The future continuous is made up of two elements: the simple future of the verb 'to be' + the present participle (base+ing)

Subject simple future, 'to be' base+ing

You will be watching


I will be asking


She won't be leaving


Will they be retiring?

Interrogative negative

Won't we be staying?

Example: to stay, future continuous

Affirmative Negative Interrogative

I will be staying I won't be staying Will I be staying?

You will be staying You won't be staying Will you be staying?

He, she, it will be staying He won't be staying Will she be staying?

We will be staying We won't be staying Will we be staying?

You will be staying You won't be staying Will you be staying?

They will be staying They won't be staying Will they be staying?

Future continuous, function

The future continuous refers to an unfinished action or event that will be in progress at a time later than now.
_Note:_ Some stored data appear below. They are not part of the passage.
(* Let $N\ge 2$ and let $\mathbf{g}=\mathbf{1}_{[0,W-1]}\in\mathbb{R}^N$ be the rectangular window ($\mathbf{g}[n]=1$ for $0\le n\le W-1$, $\mathbf{g}[n]=0$ for $W\le n\le N-1$). Suppose (1) $N/2<W<N$, and (2) $N$ is coprime to each of the integers $2W-N,2W-N+1,\dots,W$ (which holds in particular if $N$ is prime). Then for every $\mathbf{x}\in\mathbb{C}^N$, the LS Algorithm described in the context, applied to the noise-free STFT magnitude $|\mathbf{X}[m,k]|^2$ of $\mathbf{x}$ with this window and $L=1$, outputs $e^{i\phi}\mathbf{x}$ for some $\phi\in\mathbb{R}$.
   Context: Signals and windows are indexed by $\{0,\dots,N-1\}$ and extended $N$-periodically. The STFT of $\mathbf{x}\in\mathbb{C}^N$ with window $\mathbf{g}$ and step $L=1$ is $\mathbf{X}[m,k]=\sum_{n=0}^{N-1}\mathbf{x}[n]\mathbf{g}[m-n]e^{-2\pi i kn/N}$ for $m,k=0,\dots,N-1$. The DFT of $\mathbf{v}\in\mathbb{C}^N$ is $(\mathbf{F}\mathbf{v})[k]=\sum_n \mathbf{v}[n]e^{-2\pi i kn/N}$. For $\mathbf{M}\in\mathbb{C}^{N\times N}$, $\mathrm{diag}(\mathbf{M},\ell)$ is the vector $(\mathbf{M}_{i,(i+\ell)\bmod N})_{i=0}^{N-1}$. LS Algorithm: given $\mathbf{Y}[m,k]$, (1) compute $\mathbf{Z}[m,\ell]=\sum_{k=0}^{N-1}\mathbf{Y}[m,k]e^{-2\pi i k\ell/N}$ and $\mathbf{z}_\ell=(\mathbf{Z}[m,\ell])_{m}$; (2) for each $\ell=0,\dots,N-1$ compute $\mathbf{x}_\ell=\frac1N\mathbf{G}_\ell^{-1}\mathbf{z}_\ell$, where $\mathbf{G}_\ell$ is the $N\times N$ circulant matrix with first column $(\mathbf{g}[m]\overline{\mathbf{g}[(m-\ell)\bmod N]})_{m=0}^{N-1}$ (computed via the DFT diagonalization of $\mathbf{G}_\ell$); (3) form $\mathbf{X}$ with $\mathrm{diag}(\mathbf{X},\ell)=\mathbf{x}_\ell$ for all $\ell$; (4) output $\sqrt{\lambda_{\max}}u_{\max}$, with $\lambda_{\max}$ the largest eigenvalue of $\mathbf{X}$ and $u_{\max}$ an associated unit eigenvector. *)

theory Defs
  imports "HOL-Analysis.Analysis" "Jordan_Normal_Form.Matrix" "Jordan_Normal_Form.Char_Poly"
begin

text \<open>Signals and windows are vectors of dimension N (indices 0..N-1), extended N-periodically
  via reduction mod N.\<close>

definition per :: "nat \<Rightarrow> int \<Rightarrow> nat" where
  "per N i = nat (i mod int N)"

definition rect_window :: "nat \<Rightarrow> nat \<Rightarrow> complex vec" where
  "rect_window N W = vec N (\<lambda>n. if n < W then 1 else 0)"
It is used:

a. to project ourselves into the future and see something happening: This time next week I will be sun-bathing in Bali.
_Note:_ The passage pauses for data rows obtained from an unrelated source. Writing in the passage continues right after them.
lemma flash_unfold:
  assumes "1 \<le> lo" "lo < hi" "hi \<le> length w + 1"
  shows "flash w lo hi =
    (let sp = substr w lo hi; l = lead_run sp; t = trail_run sp;
         \<sigma> = take l sp @ drop (length sp - t) sp
     in if l = length sp then [(sp, 0)]
        else if length sp \<le> l + t then [(\<sigma>, 0)]
        else (\<sigma>, l) # flash w (lo + l) (hi - t))"
proof -
  define sp where "sp = substr w lo hi"
  have len: "length sp = hi - lo"
    using assms by (simp add: sp_def length_substr)
  have "substr w lo (lo + lead_run sp) = take (lead_run sp) sp"
    using lead_run_le_length[of sp] len by (simp add: sp_def substr_def min_def)
  moreover have "substr w (hi - trail_run sp) hi = drop (length sp - trail_run sp) sp"
    using trail_run_le_length[of sp] len assms by (simp add: sp_def substr_def drop_take add.commute)
  moreover have "hi - trail_run sp \<le> lo + lead_run sp \<longleftrightarrow> length sp \<le> lead_run sp + trail_run sp"
    using trail_run_le_length[of sp] len by linarith
  ultimately show ?thesis
    using assms len by (subst flash.simps) (simp add: Let_def sp_def[symmetric])
qed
b. to refer to actions/events that will happen in the normal course of events: I'll be seeing Jim at the conference next week.

c. in the interrogative form, especially with 'you', to distinguish between a simple request for information and an invitation: Will you be coming to the party tonight? (= request for information) Will you come to the party? (= invitation)

d. to predict or guess about someone's actions or feelings, now or in the future: You'll be feeling tired after that long walk, I expect.

More examples:

a. events in progress in the future:

When you are in Australia will you be staying with friends?

This time next week you will be working in your new job.

At four thirty on Tuesday afternoon I will be signing the contract.

b. events/actions in normal course of events:

I'll be going into town this afternoon, is there anything you want from the shops?

Will you be using the car tomorrow? - No, you can take it.

I'll be seeing Jane this evening - I'll give her the message.

c. asking for information:

Will you be bringing your friend to the pub tonight?

Will Jim be coming with us?

d. predicting or guessing:

You'll be feeling thirsty after working in the sun.

He'll be coming to the meeting, I expect.

You'll be missing the sunshine now you're back in England.



There are a number of different ways of referring to the future in English. It is important to remember that we are expressing more than simply the time of the action or event. Obviously, any 'future' tense will always refer to a time 'later than now', but it may also express our attitude to the future event.

All of the following ideas can be expressed using different tenses:

a. Simple prediction

b. Arrangements

c. Plans and intentions

d. Time-tabled events

e. Prediction based on present evidence

f. Willingness

g. An action in progress in the future

h. An action or event that is a matter of routine

i. Obligation

j. An action or event that will take place immediately or very soon

k. Projecting ourselves into the future and looking back at a completed action.

The example sentences below correspond to the ideas above:

a. There will be snow in many areas tomorrow.

b. I'm meeting Jim at the airport.

c. We're going to spend the summer abroad.

d. The plane takes off at 3 a.m.

e. I think it's going to rain!

f. We'll give you a lift to the cinema.